- **BRIEF**
Transcribe, word for word and without additions, each line below from the one containing "Bmat \<alpha> j" through the one containing "sum that occurs.", both ends included.

[[ SUPPLIED MATERIAL, beginning ]]

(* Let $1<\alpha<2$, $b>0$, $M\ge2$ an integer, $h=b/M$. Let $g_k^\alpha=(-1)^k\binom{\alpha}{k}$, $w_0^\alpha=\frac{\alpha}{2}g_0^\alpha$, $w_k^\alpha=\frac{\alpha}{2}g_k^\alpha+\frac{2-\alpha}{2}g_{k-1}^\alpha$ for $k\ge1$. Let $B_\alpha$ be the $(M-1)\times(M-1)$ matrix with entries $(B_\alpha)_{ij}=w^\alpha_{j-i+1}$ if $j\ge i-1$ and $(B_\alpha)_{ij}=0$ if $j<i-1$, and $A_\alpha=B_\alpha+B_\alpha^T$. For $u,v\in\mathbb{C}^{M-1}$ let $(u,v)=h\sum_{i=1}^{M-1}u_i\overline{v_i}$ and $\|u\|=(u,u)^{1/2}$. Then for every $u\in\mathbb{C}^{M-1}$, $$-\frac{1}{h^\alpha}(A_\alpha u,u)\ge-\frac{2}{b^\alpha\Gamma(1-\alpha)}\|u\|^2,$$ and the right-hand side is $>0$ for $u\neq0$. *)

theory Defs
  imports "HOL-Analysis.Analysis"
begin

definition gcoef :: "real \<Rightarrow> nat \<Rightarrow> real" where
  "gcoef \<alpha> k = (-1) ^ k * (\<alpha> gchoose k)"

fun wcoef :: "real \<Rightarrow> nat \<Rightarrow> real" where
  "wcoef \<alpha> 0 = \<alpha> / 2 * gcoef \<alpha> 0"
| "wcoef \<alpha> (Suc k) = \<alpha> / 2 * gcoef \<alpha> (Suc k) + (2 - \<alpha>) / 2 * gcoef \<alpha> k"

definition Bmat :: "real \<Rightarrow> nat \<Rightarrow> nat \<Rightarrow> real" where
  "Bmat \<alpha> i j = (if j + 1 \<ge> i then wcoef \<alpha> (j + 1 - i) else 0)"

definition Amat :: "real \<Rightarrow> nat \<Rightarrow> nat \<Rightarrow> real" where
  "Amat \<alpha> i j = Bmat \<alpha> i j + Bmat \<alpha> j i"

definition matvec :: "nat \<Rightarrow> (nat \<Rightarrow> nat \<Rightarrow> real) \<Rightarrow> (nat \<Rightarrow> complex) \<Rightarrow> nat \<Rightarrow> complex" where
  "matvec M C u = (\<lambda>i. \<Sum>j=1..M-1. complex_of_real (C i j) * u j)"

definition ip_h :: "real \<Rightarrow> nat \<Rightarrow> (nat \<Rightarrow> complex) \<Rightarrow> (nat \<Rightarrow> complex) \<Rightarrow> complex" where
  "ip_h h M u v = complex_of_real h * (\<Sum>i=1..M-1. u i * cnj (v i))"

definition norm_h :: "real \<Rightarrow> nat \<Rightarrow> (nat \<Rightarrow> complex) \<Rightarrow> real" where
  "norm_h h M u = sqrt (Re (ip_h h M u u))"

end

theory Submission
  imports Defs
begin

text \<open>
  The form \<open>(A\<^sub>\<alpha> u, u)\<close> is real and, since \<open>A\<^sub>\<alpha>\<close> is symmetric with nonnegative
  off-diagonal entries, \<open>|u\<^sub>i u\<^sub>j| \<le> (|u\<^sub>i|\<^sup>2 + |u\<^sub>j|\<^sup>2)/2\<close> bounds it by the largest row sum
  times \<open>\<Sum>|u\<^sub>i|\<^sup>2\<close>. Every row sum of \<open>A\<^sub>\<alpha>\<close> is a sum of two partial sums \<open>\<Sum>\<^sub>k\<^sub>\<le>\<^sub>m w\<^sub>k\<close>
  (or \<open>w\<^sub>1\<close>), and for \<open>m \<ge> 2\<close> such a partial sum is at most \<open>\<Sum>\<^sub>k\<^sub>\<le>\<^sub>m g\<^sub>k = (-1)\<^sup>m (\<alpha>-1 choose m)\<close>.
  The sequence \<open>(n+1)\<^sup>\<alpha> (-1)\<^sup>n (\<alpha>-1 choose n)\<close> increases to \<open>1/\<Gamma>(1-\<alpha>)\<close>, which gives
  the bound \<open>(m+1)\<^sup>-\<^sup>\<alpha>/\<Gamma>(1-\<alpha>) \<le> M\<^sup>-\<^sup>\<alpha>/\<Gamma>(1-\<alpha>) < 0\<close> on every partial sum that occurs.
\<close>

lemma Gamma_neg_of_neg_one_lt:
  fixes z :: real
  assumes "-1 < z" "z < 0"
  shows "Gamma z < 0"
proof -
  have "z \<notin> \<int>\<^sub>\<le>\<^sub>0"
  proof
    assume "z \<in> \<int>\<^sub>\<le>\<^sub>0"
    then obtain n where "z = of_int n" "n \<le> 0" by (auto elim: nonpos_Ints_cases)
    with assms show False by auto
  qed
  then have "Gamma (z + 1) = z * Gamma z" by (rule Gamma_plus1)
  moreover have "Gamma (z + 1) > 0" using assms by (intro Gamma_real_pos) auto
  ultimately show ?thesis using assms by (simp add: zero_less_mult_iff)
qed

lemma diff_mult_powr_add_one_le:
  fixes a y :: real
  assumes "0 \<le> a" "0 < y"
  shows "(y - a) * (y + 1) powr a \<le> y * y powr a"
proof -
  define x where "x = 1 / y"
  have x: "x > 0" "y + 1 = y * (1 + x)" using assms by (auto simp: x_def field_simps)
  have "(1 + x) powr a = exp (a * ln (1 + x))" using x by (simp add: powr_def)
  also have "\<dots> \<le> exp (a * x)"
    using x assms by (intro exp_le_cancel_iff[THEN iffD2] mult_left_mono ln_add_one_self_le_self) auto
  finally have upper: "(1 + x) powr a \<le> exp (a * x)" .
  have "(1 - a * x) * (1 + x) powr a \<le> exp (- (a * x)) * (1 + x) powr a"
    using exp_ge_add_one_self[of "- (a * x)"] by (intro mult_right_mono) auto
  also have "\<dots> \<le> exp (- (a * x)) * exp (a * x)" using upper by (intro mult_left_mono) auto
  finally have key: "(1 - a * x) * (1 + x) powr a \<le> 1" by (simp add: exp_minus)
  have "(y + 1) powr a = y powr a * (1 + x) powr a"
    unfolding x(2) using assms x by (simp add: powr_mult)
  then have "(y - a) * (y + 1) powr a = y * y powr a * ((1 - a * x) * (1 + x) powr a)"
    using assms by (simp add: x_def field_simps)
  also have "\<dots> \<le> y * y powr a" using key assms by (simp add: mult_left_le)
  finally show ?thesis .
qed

[[ SUPPLIED MATERIAL, end ]]

- **RESULT OF THE TASK**
  "Amat \<alpha> i j = Bmat \<alpha> i j + Bmat \<alpha> j i"

definition matvec :: "nat \<Rightarrow> (nat \<Rightarrow> nat \<Rightarrow> real) \<Rightarrow> (nat \<Rightarrow> complex) \<Rightarrow> nat \<Rightarrow> complex" where
  "matvec M C u = (\<lambda>i. \<Sum>j=1..M-1. complex_of_real (C i j) * u j)"

definition ip_h :: "real \<Rightarrow> nat \<Rightarrow> (nat \<Rightarrow> complex) \<Rightarrow> (nat \<Rightarrow> complex) \<Rightarrow> complex" where
  "ip_h h M u v = complex_of_real h * (\<Sum>i=1..M-1. u i * cnj (v i))"

definition norm_h :: "real \<Rightarrow> nat \<Rightarrow> (nat \<Rightarrow> complex) \<Rightarrow> real" where
  "norm_h h M u = sqrt (Re (ip_h h M u u))"

end

theory Submission
  imports Defs
begin

text \<open>
  The form \<open>(A\<^sub>\<alpha> u, u)\<close> is real and, since \<open>A\<^sub>\<alpha>\<close> is symmetric with nonnegative
  off-diagonal entries, \<open>|u\<^sub>i u\<^sub>j| \<le> (|u\<^sub>i|\<^sup>2 + |u\<^sub>j|\<^sup>2)/2\<close> bounds it by the largest row sum
  times \<open>\<Sum>|u\<^sub>i|\<^sup>2\<close>. Every row sum of \<open>A\<^sub>\<alpha>\<close> is a sum of two partial sums \<open>\<Sum>\<^sub>k\<^sub>\<le>\<^sub>m w\<^sub>k\<close>
  (or \<open>w\<^sub>1\<close>), and for \<open>m \<ge> 2\<close> such a partial sum is at most \<open>\<Sum>\<^sub>k\<^sub>\<le>\<^sub>m g\<^sub>k = (-1)\<^sup>m (\<alpha>-1 choose m)\<close>.
  The sequence \<open>(n+1)\<^sup>\<alpha> (-1)\<^sup>n (\<alpha>-1 choose n)\<close> increases to \<open>1/\<Gamma>(1-\<alpha>)\<close>, which gives
  the bound \<open>(m+1)\<^sup>-\<^sup>\<alpha>/\<Gamma>(1-\<alpha>) \<le> M\<^sup>-\<^sup>\<alpha>/\<Gamma>(1-\<alpha>) < 0\<close> on every partial sum that occurs.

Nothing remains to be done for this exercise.